This is right in line with the CBS poll taken last week that had Trump at 34/55 on how he handled Charlottesville. Today’s poll from ABC/WaPo has it 28/56. On balance, when you ask Americans a very general question about Trump’s reaction to what happened, they break strongly negative. Ask them a more specific question, though, about whether both sides were to blame for the violence or if the “far right” bears chief responsibility and the divisions become more complicated.

The most striking thing about the ABC/WaPo data is the number of Republicans who give Trump thumbs down on Charlottesville. His overall job approval is 37 percent but his approval on this matter specifically is nearly 10 points lower, thanks to a sharp drop among GOPers. Do those unhappy Republicans disapprove of his reaction to Charlottesville because they think he wasn’t hard enough on the alt-right or do they disapprove because they think he was too hard on them?
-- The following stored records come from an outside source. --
lemma strict_linear_on_thT_upto_Suc: "strict_linear_on (thT_upto T (Suc N)) (thless T)"
  unfolding strict_linear_on_def using thless_irrefl_Suc thless_trans_Suc thless_total_Suc by blast

end

lemma strict_linear_on_thT_upto:
  assumes "prae_dilator T"
  shows "strict_linear_on (thT_upto T N) (thless T)"
proof (induction N)
  case 0
  show ?case unfolding thT_upto_0 strict_linear_on_def by simp
next
  case (Suc N)
  show ?case by (rule strict_linear_on_thT_upto_Suc[OF assms Suc.IH])
qed

lemma strict_linear_on_thT:
  assumes "prae_dilator T"
  shows "strict_linear_on (thT T) (thless T)"
proof -
  have "\<exists>N. x \<in> thT_upto T N \<and> y \<in> thT_upto T N \<and> z \<in> thT_upto T N"
    if "x \<in> thT T" "y \<in> thT T" "z \<in> thT T" for x y z
    using that unfolding thT_upto_def by (intro exI[of _ "size x + size y + size z"]) auto
  then show ?thesis
    using strict_linear_on_thT_upto[OF assms] unfolding strict_linear_on_def by metis
qed

section \<open>The collapse\<close>

definition vartheta :: "praedil \<Rightarrow> thterm set \<times> nat \<Rightarrow> thterm" where
  "vartheta T \<rho> = Th (snd \<rho>) (ordered_list (thless T) (fst \<rho>))"

context
  fixes T :: praedil
  assumes T: "prae_dilator T"
begin

lemma ordered_list_thless:
  assumes "(a, \<sigma>) \<in> DT T (thT T) (thless T)"
  shows "set (ordered_list (thless T) a) = a" "sorted_wrt (thless T) (ordered_list (thless T) a)"
    "length (ordered_list (thless T) a) = card a"
  using assms set_ordered_list sorted_ordered_list length_ordered_list strict_linear_on_thT[OF T]
  unfolding DT_def by auto

lemma vartheta_in_thT:
  assumes "(a, \<sigma>) \<in> DT T (thT T) (thless T)"
  shows "vartheta T (a, \<sigma>) \<in> thT T"
  unfolding vartheta_def fst_conv snd_conv
proof (rule thT_intro)
  show "\<forall>s\<in>set (ordered_list (thless T) a). s \<in> thT T"
    using assms ordered_list_thless(1)[OF assms] unfolding DT_def by auto
  show "successively (thless T) (ordered_list (thless T) a)"
    by (rule successively_if_sorted_wrt[OF ordered_list_thless(2)[OF assms]])
  show "\<sigma> \<in> Tset T (length (ordered_list (thless T) a))"
    "Tsupp T (length (ordered_list (thless T) a)) \<sigma> = {..<length (ordered_list (thless T) a)}"
    using assms ordered_list_thless(3)[OF assms] unfolding DT_def by auto
qed

lemma supp_less_vartheta:
  assumes "(a, \<sigma>) \<in> DT T (thT T) (thless T)"
  shows "fin_less (thless T) a (vartheta T (a, \<sigma>))"
  unfolding fin_less_def vartheta_def fst_conv snd_conv
proof
  let ?ss = "ordered_list (thless T) a"
  fix x assume "x \<in> a"
  then have x: "x \<in> set ?ss" using ordered_list_thless(1)[OF assms] by simp
  have "set ?ss \<subseteq> thT T" using assms ordered_list_thless(1)[OF assms] unfolding DT_def by simp
  then have "x = last ?ss \<or> thless T x (last ?ss)"
    using sorted_wrt_le_last[OF strict_linear_on_thT[OF T] _ ordered_list_thless(2)[OF assms] x] by blast
  moreover have "?ss \<noteq> []" using x by auto
  ultimately show "thless T x (Th \<sigma> ?ss)" using thless_Th_if_le_last by blast
qed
Remember, according to SurveyMonkey, nine percent of all Americans and 17 percent of Republicans believe the liberal counter-protesters bear most of the blame for the violence. There may be a segment of GOPers that thinks Trump was too soft on the Antifa element that showed up to rumble and is rating him poorly because of it.

Compared with his overall job performance, approval of his response to Charlottesville is 18 points lower among Republicans and 13 points lower among conservatives.
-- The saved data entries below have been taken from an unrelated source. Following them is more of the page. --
lemma coin_vec_carrier_vec [simp]: "coin_vec t \<in> carrier_vec 3"
  unfolding carrier_vec_def by simp

definition walk_state :: "nat \<Rightarrow> complex \<times> complex \<times> complex \<Rightarrow> complex vec" where
  "walk_state N t = kron_vec (coin_vec t) (kron_vec ket_minus (vec N (\<lambda>_. 1)))"

lemma walk_state_carrier_vec: "walk_state N t \<in> carrier_vec (6 * N)"
  unfolding walk_state_def carrier_vec_def by simp

lemma walk_state_eq_iff:
  assumes "N > 0"
  shows "walk_state N t = walk_state N t' \<longleftrightarrow> t = t'"
proof
  assume eq: "walk_state N t = walk_state N t'"
  have "coin_vec t $ l = coin_vec t' $ l" if "l < 3" for l
  proof -
    have i: "l * (2 * N) < 3 * (2 * N)" using that assms by simp
    have "walk_state N t $ (l * (2 * N)) = coin_vec t $ l" for t
      using i assms by (simp add: walk_state_def index_kron_vec_kron_vec)
    then show ?thesis using eq by metis
  qed
  then show "t = t'"
    by (cases t, cases t') (fastforce dest: spec[of _ 0] spec[of _ 1] spec[of _ 2])
qed simp

fun reduced_step :: "complex \<times> complex \<times> complex \<Rightarrow> complex \<times> complex \<times> complex" where
  "reduced_step (a, b, c) = ((- a + 2 * b + 2 * c) / 3, (2 * a - b + 2 * c) / 3, (- 2 * a - 2 * b + c) / 3)"

lemma grover3_mult_coin_vec:
  "grover3 *\<^sub>v coin_vec (a, b, c) =
    coin_vec ((- a + 2 * b + 2 * c) / 3, (2 * a - b + 2 * c) / 3, (2 * a + 2 * b - c) / 3)"
proof (rule eq_vecI)
  fix l assume "l < dim_vec (coin_vec ((- a + 2 * b + 2 * c) / 3, (2 * a - b + 2 * c) / 3, (2 * a + 2 * b - c) / 3))"
  then have l: "l < 3" by simp
  have "(grover3 *\<^sub>v coin_vec (a, b, c)) $ l = (\<Sum>k\<in>{0..<3::nat}. grover3 $$ (l, k) * coin_vec (a, b, c) $ k)"
    using l by (simp add: scalar_prod_def row_def)
  also have "\<dots> = grover3 $$ (l, 0) * a + grover3 $$ (l, 1) * b + grover3 $$ (l, 2) * c"
    by (simp add: eval_nat_numeral)
  also have "\<dots> = coin_vec ((- a + 2 * b + 2 * c) / 3, (2 * a - b + 2 * c) / 3, (2 * a + 2 * b - c) / 3) $ l"
  proof -
    have "l = 0 \<or> l = 1 \<or> l = 2" using l by auto
    then show ?thesis by (elim disjE) (simp_all add: index_grover3 field_simps)
  qed
  finally show "(grover3 *\<^sub>v coin_vec (a, b, c)) $ l = coin_vec ((- a + 2 * b + 2 * c) / 3, (2 * a - b + 2 * c) / 3, (2 * a + 2 * b - c) / 3) $ l" .
qed simp

lemma negate_last_grover3_mult_coin_vec:
  "negate_last (grover3 *\<^sub>v coin_vec t) = coin_vec (reduced_step t)"
proof -
  obtain a b c where t: "t = (a, b, c)" by (cases t) auto
  show ?thesis
    unfolding t grover3_mult_coin_vec negate_last_def by (intro eq_vecI) (auto simp: field_simps)
qed
(* Let $\mathcal{A}$ be a Desargues affine plane, let $O\neq I$ be points, and let $\delta$ be a dilatation of $\mathcal{A}$ having a fixed point (which may lie on the line $\ell^{OI}$ or off it). Equip $\ell^{OI}$ with the skew field structure with zero $O$ and unit $I$, and the line $\delta(\ell^{OI})$ with the skew field structure with zero $\delta(O)$ and unit $\delta(I)$. Then for all $A,B\in\ell^{OI}$ with $B\neq O$, \[ \delta(r(A:B))=r(\delta(A):\delta(B)), \] where the ratio on the left is computed in $\ell^{OI}$ and the ratio on the right in $\delta(\ell^{OI})$.
   Context: A Desargues affine plane is an incidence structure of points and lines in which any two distinct points lie on exactly one line, through a point not on a line $\ell$ there is exactly one line disjoint from $\ell$ (Playfair), there exist three non-collinear points, and Desargues' axiom holds: if $A,B,C,A',B',C'$ are points such that the pairwise distinct lines $AA',BB',CC'$ are either all parallel or all pass through one point, and $AB\parallel A'B'$, $BC\parallel B'C'$ (with $AB\neq A'B'$, $BC\neq B'C'$, $A\ne C$, $A'\ne C'$), then $AC\parallel A'C'$. Skew field on a line: for distinct points $O,I$ and points $A,B$ on the line $\ell^{OI}$, addition is defined by: choose a point $B_1\notin\ell^{OI}$; let $P_1$ be the intersection of the line through $B_1$ parallel to $\ell^{OI}$ with the line through $A$ parallel to $OB_1$; then $A+B$ is the intersection of $\ell^{OI}$ with the line through $P_1$ parallel to $BB_1$. Multiplication is defined by: choose $B_1\notin\ell^{OI}$; let $P_1$ be the intersection of the line through $A$ parallel to $IB_1$ with the line $OB_1$; then $A\cdot B$ is the intersection of $\ell^{OI}$ with the line through $P_1$ parallel to $BB_1$. These operations do not depend on the choice of $B_1$ and make $(\ell^{OI},+,\cdot)$ a skew field with zero $O$ and unit $I$; the same construction applies to any line with any chosen pair of distinct points as zero and unit. $X^{-1}$ denotes the multiplicative inverse. Ratio of two points on a line with chosen zero $O$: $r(A:B)=B^{-1}A$ for $B\neq O$. A dilatation of $\mathcal{A}$ is a collineation $\delta$ such that $\delta(P)\delta(Q)\parallel PQ$ for all points $P\neq Q$. *)

theory Defs
  imports Main
begin

definition line_of :: "'a set set \<Rightarrow> 'a \<Rightarrow> 'a \<Rightarrow> 'a set" where
  "line_of L A B = (THE l. l \<in> L \<and> A \<in> l \<and> B \<in> l)"

definition parallel :: "'a set \<Rightarrow> 'a set \<Rightarrow> bool" where
  "parallel l m \<longleftrightarrow> l = m \<or> l \<inter> m = {}"

definition collinear :: "'a set set \<Rightarrow> 'a \<Rightarrow> 'a \<Rightarrow> 'a \<Rightarrow> bool" where
  "collinear L A B C \<longleftrightarrow> (\<exists>l\<in>L. A \<in> l \<and> B \<in> l \<and> C \<in> l)"

definition par_through :: "'a set set \<Rightarrow> 'a \<Rightarrow> 'a set \<Rightarrow> 'a set" where
  "par_through L P l = (THE m. m \<in> L \<and> P \<in> m \<and> parallel m l)"

definition meet :: "'a set \<Rightarrow> 'a set \<Rightarrow> 'a" where
  "meet l m = (THE X. X \<in> l \<and> X \<in> m)"

definition affine_plane :: "'a set set \<Rightarrow> bool" where
  "affine_plane L \<longleftrightarrow>
     (\<forall>A B. A \<noteq> B \<longrightarrow> (\<exists>!l. l \<in> L \<and> A \<in> l \<and> B \<in> l)) \<and>
     (\<forall>l\<in>L. \<forall>P. P \<notin> l \<longrightarrow> (\<exists>!m. m \<in> L \<and> P \<in> m \<and> m \<inter> l = {})) \<and>
     (\<exists>A B C. \<not> collinear L A B C)"

definition desargues_axiom :: "'a set set \<Rightarrow> bool" where
  "desargues_axiom L \<longleftrightarrow>
     (\<forall>A B C A' B' C'.
        A \<noteq> A' \<and> B \<noteq> B' \<and> C \<noteq> C' \<and> A \<noteq> B \<and> B \<noteq> C \<and> A \<noteq> C \<and>
        A' \<noteq> B' \<and> B' \<noteq> C' \<and> A' \<noteq> C' \<and>
        line_of L A A' \<noteq> line_of L B B' \<and> line_of L B B' \<noteq> line_of L C C' \<and>
        line_of L A A' \<noteq> line_of L C C' \<and>
        ((parallel (line_of L A A') (line_of L B B') \<and>
          parallel (line_of L B B') (line_of L C C') \<and>
          parallel (line_of L A A') (line_of L C C')) \<or>
         (\<exists>P. P \<in> line_of L A A' \<and> P \<in> line_of L B B' \<and> P \<in> line_of L C C')) \<and>
        parallel (line_of L A B) (line_of L A' B') \<and>
        parallel (line_of L B C) (line_of L B' C') \<and>
        line_of L A B \<noteq> line_of L A' B' \<and> line_of L B C \<noteq> line_of L B' C'
      \<longrightarrow> parallel (line_of L A C) (line_of L A' C'))"

definition desargues_affine_plane :: "'a set set \<Rightarrow> bool" where
  "desargues_affine_plane L \<longleftrightarrow> affine_plane L \<and> desargues_axiom L"

text \<open>Skew field operations on the line OI (zero Oz, unit Iu), using an auxiliary
  point B1 off the line (the result does not depend on the choice).\<close>

definition aux_pt :: "'a set set \<Rightarrow> 'a \<Rightarrow> 'a \<Rightarrow> 'a" where
  "aux_pt L Oz Iu = (SOME B1. B1 \<notin> line_of L Oz Iu)"

definition sf_add :: "'a set set \<Rightarrow> 'a \<Rightarrow> 'a \<Rightarrow> 'a \<Rightarrow> 'a \<Rightarrow> 'a" where
  "sf_add L Oz Iu A B =
     (let l = line_of L Oz Iu; B1 = aux_pt L Oz Iu;
          P1 = meet (par_through L B1 l) (par_through L A (line_of L Oz B1))
      in meet l (par_through L P1 (line_of L B B1)))"

definition sf_mult :: "'a set set \<Rightarrow> 'a \<Rightarrow> 'a \<Rightarrow> 'a \<Rightarrow> 'a \<Rightarrow> 'a" where
  "sf_mult L Oz Iu A B =
     (let l = line_of L Oz Iu; B1 = aux_pt L Oz Iu;
          P1 = meet (par_through L A (line_of L Iu B1)) (line_of L Oz B1)
      in meet l (par_through L P1 (line_of L B B1)))"

definition sf_inv :: "'a set set \<Rightarrow> 'a \<Rightarrow> 'a \<Rightarrow> 'a \<Rightarrow> 'a" where
  "sf_inv L Oz Iu X = (THE Y. Y \<in> line_of L Oz Iu \<and> sf_mult L Oz Iu X Y = Iu \<and> sf_mult L Oz Iu Y X = Iu)"

definition ratio :: "'a set set \<Rightarrow> 'a \<Rightarrow> 'a \<Rightarrow> 'a \<Rightarrow> 'a \<Rightarrow> 'a" where
  "ratio L Oz Iu A B = sf_mult L Oz Iu (sf_inv L Oz Iu B) A"

definition collineation :: "'a set set \<Rightarrow> ('a \<Rightarrow> 'a) \<Rightarrow> bool" where
  "collineation L f \<longleftrightarrow> bij f \<and> (\<forall>l. l \<in> L \<longleftrightarrow> f ` l \<in> L)"

definition dilatation :: "'a set set \<Rightarrow> ('a \<Rightarrow> 'a) \<Rightarrow> bool" where
  "dilatation L f \<longleftrightarrow> collineation L f \<and>
     (\<forall>P Q. P \<noteq> Q \<longrightarrow> parallel (line_of L (f P) (f Q)) (line_of L P Q))"

end

theory Submission
  imports Defs
begin

text \<open>A collineation carries every construction by joining points, intersecting lines and
  drawing parallels to the same construction on the image points. So \<open>\<delta>\<close> maps the product
  on the line \<open>O I\<close>, computed with an auxiliary point \<open>C\<close>, to the product on the image
  line computed with the auxiliary point \<open>\<delta> C\<close>. By Desargues' axiom the product does not
  depend on the auxiliary point: for two auxiliary points not collinear with \<open>O\<close> two
  applications of the central Desargues configuration show it, and the general case passes
  through a third point. Hence \<open>\<delta>\<close> is multiplicative between the two skew fields, and since
  inverses are unique it also commutes with inverses and so with ratios.\<close>

locale affine_geometry =
  fixes L :: "'a set set"
  assumes affine_plane: "affine_plane L"
begin

lemma line_ex1: "A \<noteq> B \<Longrightarrow> \<exists>!l. l \<in> L \<and> A \<in> l \<and> B \<in> l"
  using conjunct1[OF affine_plane[unfolded affine_plane_def]] by blast

lemma line_of:
  assumes "A \<noteq> B"
  shows "line_of L A B \<in> L" "A \<in> line_of L A B" "B \<in> line_of L A B"
  using theI'[OF line_ex1[OF assms]] unfolding line_of_def by auto

lemma line_of_eqI: "A \<noteq> B \<Longrightarrow> l \<in> L \<Longrightarrow> A \<in> l \<Longrightarrow> B \<in> l \<Longrightarrow> line_of L A B = l"
  unfolding line_of_def by (rule the1_equality[OF line_ex1]) auto

lemma lines_eqI:
  "l \<in> L \<Longrightarrow> m \<in> L \<Longrightarrow> A \<noteq> B \<Longrightarrow> A \<in> l \<Longrightarrow> B \<in> l \<Longrightarrow> A \<in> m \<Longrightarrow> B \<in> m \<Longrightarrow> l = m"
  using line_ex1 by blast

lemma common_point_unique:
  "\<lbrakk>l \<in> L; m \<in> L; l \<noteq> m; X \<in> l; X \<in> m; Y \<in> l; Y \<in> m\<rbrakk> \<Longrightarrow> X = Y"
  using lines_eqI by blast

lemma line_of_commute: "line_of L A B = line_of L B A"
  unfolding line_of_def by metis

lemma point_off_line: "l \<in> L \<Longrightarrow> \<exists>P. P \<notin> l"
  using conjunct2[OF conjunct2[OF affine_plane[unfolded affine_plane_def]]]
  unfolding collinear_def by blast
Only about one-third of Americans reject the suggestion that Trump has been equating neo-Nazis and white supremacists with those who oppose them. That said, there’s division and uncertainty on the question: Forty-two percent say he’s been doing this, while 35 percent think not and 23 percent have no opinion.
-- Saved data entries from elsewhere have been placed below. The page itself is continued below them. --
lemma divergence_linear_combination:
  assumes "finite S" "\<And>b. b \<in> S \<Longrightarrow> b differentiable (at x)"
  shows "(\<lambda>y. \<Sum>b\<in>S. c b *\<^sub>R b y) differentiable (at x)"
    and "divergence (\<lambda>y. \<Sum>b\<in>S. c b *\<^sub>R b y) x = (\<Sum>b\<in>S. c b * divergence b x)"
proof -
  have D: "((\<lambda>y. \<Sum>b\<in>S. c b *\<^sub>R b y) has_derivative
      (\<lambda>h. \<Sum>b\<in>S. c b *\<^sub>R frechet_derivative b (at x) h)) (at x)"
    using assms by (intro has_derivative_sum has_derivative_scaleR_right) (simp add: frechet_derivative_works)
  then show "(\<lambda>y. \<Sum>b\<in>S. c b *\<^sub>R b y) differentiable (at x)"
    unfolding differentiable_def by blast
  show "divergence (\<lambda>y. \<Sum>b\<in>S. c b *\<^sub>R b y) x = (\<Sum>b\<in>S. c b * divergence b x)"
    unfolding frechet_derivative_at[OF D, symmetric] divergence_def
    by (simp add: sum_component sum_distrib_left) (rule sum.swap)
qed

definition conforming_div0 :: "(real^3 \<Rightarrow> real^3) \<Rightarrow> (real^3 \<Rightarrow> real^3) \<Rightarrow> bool" where
  "conforming_div0 F v \<longleftrightarrow>
     continuous_on (F ` cube) v
   \<and> (\<forall>x \<in> F ` open_cube. v differentiable (at x) \<and> divergence v x = 0)
   \<and> (\<forall>\<xi> \<in> cube. \<forall>i. \<bar>\<xi> $ i\<bar> = 1 \<longrightarrow>
        (\<forall>j k. j \<noteq> i \<longrightarrow> k \<noteq> i \<longrightarrow>
           (cross3 (jac F \<xi> *v axis j 1) (jac F \<xi> *v axis k 1)) \<bullet> v (F \<xi>) = 0))"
In pondering whether Republicans disapprove because Trump was too soft on the alt-right or too hard, consider this … interesting data:

There’s far more agreement on whether it’s acceptable or unacceptable to hold neo-Nazi or white supremacist views. Across groups, 4 to 17 percent call this acceptable, with the largest numbers among men, Republicans and strong conservatives, all 13 percent; young adults, 14 percent; and those who strongly approve of the president’s work in office, 17 percent.

An additional 13 percent of strong Trump supporters have no opinion on whether it’s acceptable or not. That leaves 70 percent of his strong supporters who call neo-Nazi or white supremacist views unacceptable, compared with 92 percent of his strong opponents.

Among people who say they strongly support Trump fully 30 percent believe it’s either acceptable to hold white supremacist views or have no opinion. If you want to believe that Republicans are mad at Trump for putting too much blame on the alt-right rather than not enough, that’s your best evidence. But that argument runs up against the fact that prominent alt-righters and white supremacists were themselves cheered by Trump’s equivocation last week. David Duke congratulated him for his remarks, as did Richard Spencer, and the Daily Stormer crowed about Trump’s “many sides” rhetoric. If they don’t think Trump went too far in blaming the right, odds are other Republicans don’t either.

Whatever the truth, despite the obsessive media coverage, Charlottesville doesn’t seem to have hurt Trump’s bottom line — by and large. He was at 36 percent job approval in July and he’s at 37 percent now, per ABC/WaPo. The one key difference is in the share of Republicans who say they “strongly” support him. That stands at 80 percent now; a month ago it was 10 points higher. Whether that’s Charlottesville fallout at work or, more likely, a broader reaction to the chaos of the past month, only hardcore Trumpers know.